Earlier this year he was queueing for the dole, but on Saturday night Conor McGregor was in Boston's TD Garden, wearing little more than briefs and holding court with New England Patriots owner Robert Kraft and superstar boxer Oscar De La Hoya.

“I was telling them Guinness is full of iron,” said McGregor of the conversation with his new friends who were congratulating him in his dressingroom minutes after his latest victory in mixed martial arts’ Ultimate Fighting Championship (UFC).

Before a 12,500 crowd McGregor won his second appearance in the UFC by defeating Hawaii's Max Holloway on a points decision. The UFC event was significant as it highlighted the launch day for new US channel Fox Sports 1. UFC and the sport of MMA may only have a niche audience in Ireland but it is a lucrative industry.

Cageside tickets sell for several hundred dollars and the UFC’s deal with Fox aims to give the sport mainstream television exposure by making it available to 93 million US homes. With annual revenue of $600 million (€450 million), the UFC organisation is reportedly valued at more than $2 billion. Its biggest stars earn up to $5 million per fight and if McGregor continues to win he could soon be in line for such lucrative paydays.
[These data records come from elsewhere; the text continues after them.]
lemma forest_size_prob_add_nat:
  "forest_size_prob \<mu> (p + q) (int s) =
    (\<Sum>x\<le>s. forest_size_prob \<mu> p (int x) * forest_size_prob \<mu> q (int s - int x))"
proof -
  let ?w = "\<lambda>ts. \<Prod>t\<leftarrow>ts. gw_weight \<mu> t"
  let ?Z = "SIGMA x:{..s}. forests p (int x) \<times> forests q (int s - int x)"
  have "(\<Sum>x\<le>s. forest_size_prob \<mu> p (int x) * forest_size_prob \<mu> q (int s - int x))
      = (\<Sum>(x, l, r)\<in>?Z. ?w l * ?w r)"
    by (simp add: forest_size_prob_eq_sum sum_product sum.cartesian_product sum.Sigma
        finite_forests)
  also have "\<dots> = (\<Sum>ts\<in>forests (p + q) (int s). ?w ts)"
  proof (rule sum.reindex_bij_witness[where j = "\<lambda>(x, l, r). l @ r"
        and i = "\<lambda>ts. (\<Sum>t\<leftarrow>take p ts. card t, take p ts, drop p ts)"])
    fix ts assume "ts \<in> forests (p + q) (int s)"
    moreover have "(\<Sum>t\<leftarrow>ts. card t) = (\<Sum>t\<leftarrow>take p ts. card t) + (\<Sum>t\<leftarrow>drop p ts. card t)"
      by (metis append_take_drop_id map_append sum_list_append)
    ultimately show "(\<Sum>t\<leftarrow>take p ts. card t, take p ts, drop p ts) \<in> ?Z"
      by (auto simp: forests_def dest: in_set_takeD in_set_dropD)
  qed (auto simp: forests_def)
  finally show ?thesis by (simp add: forest_size_prob_eq_sum)
qed

lemma forest_size_prob_add:
  assumes "s \<le> int N"
  shows "forest_size_prob \<mu> (p + q) s =
    (\<Sum>x\<le>N. forest_size_prob \<mu> p (int x) * forest_size_prob \<mu> q (s - int x))"
proof (cases "s < 0")
  case False
  then obtain n where n: "s = int n" by (metis nonneg_int_cases not_less)
  have "forest_size_prob \<mu> (p + q) s =
      (\<Sum>x\<le>n. forest_size_prob \<mu> p (int x) * forest_size_prob \<mu> q (s - int x))"
    unfolding n by (rule forest_size_prob_add_nat)
  also have "\<dots> = (\<Sum>x\<le>N. forest_size_prob \<mu> p (int x) * forest_size_prob \<mu> q (s - int x))"
    by (rule sum.mono_neutral_left) (use assms n in \<open>auto simp: forest_size_prob_neg\<close>)
  finally show ?thesis .
qed (simp add: forest_size_prob_neg)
Despite spending 15 minutes battling in an octagon-shaped cage on Saturday, the 25-year-old McGregor left without a scratch.

Modern-day Viking
With fair hair and a bushy beard, the Dubliner resembles a modern-day Viking and he fights with the ferocity of one. His opponent Holloway is known as an adept striker, but McGregor was fearless, wasting little time in dictating the featherweight (10 st 5 lbs) contest. Throwing punches and kicks McGregor seemed at ease in the cage.

His movements were relaxed and every strike came with conviction. His coach, John Kavanagh, likens fighting to art and his pupil painted a bloody picture, leaving Holloway with a broken nose and swollen eye after just one round.

Holloway was very much on the defensive in the second round, seemingly bemused by McGregor’s varying strikes. Whenever Holloway attempted an attack, McGregor deftly avoided the strike and shrugged his shoulders. Later in the round McGregor caught one of Holloway’s kicks and dragged him to the ground. But then McGregor’s plans changed. As both men grappled for position, McGregor felt pain in his knee.

“I heard it click. I let a scream, but I don’t think [Holloway] sussed it,” said McGregor who won by scores of 30-27 (twice) and 30-26 from the three judges. “This is combat, anything can happen.”

Unable to strike effectively, McGregor changed tact and kept the bout on the ground in the third and final round, using his grappling skills to keep Holloway under control.

Marketable commodity
Boston's Irish-Americans turned out in force, with green shirts and Tricolours. McGregor's style and ability to resonate with a crowd make him a marketable commodity for the UFC. And he has a plan for dealing with fame.

“No new friends,” he said with a grin. “I keep my circle. After my last fight [when he won a $60,000 bonus] I handed out envelopes with wads of cash to people who’ve been there for me.”

There’ll be potential for the McGregor bandwagon to grow as the UFC is planning an event in Ireland next year.